# Nuc management questions.



## whiskers (Aug 28, 2011)

Do you object to dry sugar or a sugar brick? Considering your description of your rather Martian winter, and the fact that you have already fed in a frame of honey it may be good insurance. If the bees don't use it you can take it back off and make syrup out of it when it gets warmer.
Bill


----------



## squarepeg (Jul 9, 2010)

congrats on getting 3/4 through winter so far! without pulling frames (and i wouldn't until it gets warmer) it's hard to tell about the cluster size. i agree that something like lauri's sugar blocks would be a good idea. you could remove the frames and use the empty boxes from #4 to house the sugar blocks.


----------



## Mr. Biggs (Jul 20, 2015)

> Considering your description of your rather Martian winter


This is really typical of winter in this location, I would expect more snow and days in the 70 (21 c) - 80 (27) with more snow and wind before the last frost date shows up.

I do have a couple of more frames of honey if I need to use them.
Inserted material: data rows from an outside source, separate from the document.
(* In the setting of the context, regard the error exponent $K=K(a)$ as a function of $a\in[0,1]$ with $\Pi_0,\sigma^2$ fixed. If $\Gamma=\Pi_0/\sigma^2<1$, then there exists $a_m\in(0,1)$ at which $K$ attains its maximum over $[0,1]$, and $a_m$ is a solution of the equation $$[1+a^2+\Gamma(1-a^2)]^2-2\Big(r_e+\frac{a^4}{r_e}\Big)=0,\qquad r_e=R_e/\sigma^2,$$ where $R_e=P+\sigma^2$ with $P=\frac{\sqrt{[\sigma^2(1-a^2)-Q]^2+4\sigma^2Q}-\sigma^2(1-a^2)+Q}{2}$ and $Q=\Pi_0(1-a^2)$. Moreover, $a_m\to1$ as $\Gamma\to0$. Consequently, for the sampled diffusion with $a=e^{-A\Delta}$ ($A>0$), the optimal sensor spacing is $\Delta^*=-\log(a_m)/A$.
   Context: Model: fix $a\in[0,1]$, $\Pi_0>0$, $\sigma^2>0$. The signal is a stationary Gaussian first-order autoregressive sequence $s_{i+1}=a s_i+u_i$, $i\ge1$, with $s_1\sim\mathcal N(0,\Pi_0)$ and $u_i$ i.i.d. $\mathcal N(0,Q)$, $Q=\Pi_0(1-a^2)$, independent of $s_1$. Observations follow $H_0: y_i=w_i$ or $H_1: y_i=s_i+w_i$, $w_i$ i.i.d. $\mathcal N(0,\sigma^2)$ independent of the signal; $\Gamma=\Pi_0/\sigma^2$ is the SNR. In the sensor application the samples come from a stationary diffusion $ds/dx=-As(x)+Bu(x)$ sampled at spacing $\Delta$, giving $a=e^{-A\Delta}$. The error exponent $K$ is $-\lim_{n\to\infty}\frac1n\log P_M(n)$, where $P_M(n)$ is the miss probability of the level-$\alpha$ Neyman–Pearson detector based on $y_1,\dots,y_n$ (independent of $\alpha\in(0,1)$); explicitly $K=\frac{1}{2\pi}\int_0^{2\pi} D(\mathcal N(0,\sigma^2)\|\mathcal N(0,S_y(\omega)))\,d\omega$ with $S_y(\omega)=\sigma^2+\frac{\Pi_0(1-a^2)}{1-2a\cos\omega+a^2}$, $D$ the Kullback–Leibler divergence. *)

theory Defs
  imports "HOL-Analysis.Analysis"
begin

text \<open>Kullback--Leibler divergence D(N(0,v1) || N(0,v2)) between centred Gaussians.\<close>
definition gauss_KL :: "real \<Rightarrow> real \<Rightarrow> real" where
  "gauss_KL v1 v2 = (ln (v2 / v1) + v1 / v2 - 1) / 2"

text \<open>Power spectral density of y under H1; s2 is the noise variance sigma^2.\<close>
definition spec_y :: "real \<Rightarrow> real \<Rightarrow> real \<Rightarrow> real \<Rightarrow> real" where
  "spec_y Pi0 s2 a \<omega> = s2 + Pi0 * (1 - a\<^sup>2) / (1 - 2 * a * cos \<omega> + a\<^sup>2)"

definition err_exp :: "real \<Rightarrow> real \<Rightarrow> real \<Rightarrow> real" where
  "err_exp Pi0 s2 a =
     integral {0..2*pi} (\<lambda>\<omega>. gauss_KL s2 (spec_y Pi0 s2 a \<omega>)) / (2 * pi)"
These double nucs have a #8 open mesh bottom on them and 2" (5cm) foam on the top. I did notice that the bees are in the currently warmest part of the box. They may have more below them.


On the sugar brick what would be the best practice:

Build a shim and lay on top? 

Make a brick out of an empty wooden frame and place it in the top box?

Perhaps 3 or 4 frames mixed with the honey reserve and add a new box?


Pollen sub?

Thinking this should be added at first flowers or bud swell on the trees, there still will be freazing weather after this point. 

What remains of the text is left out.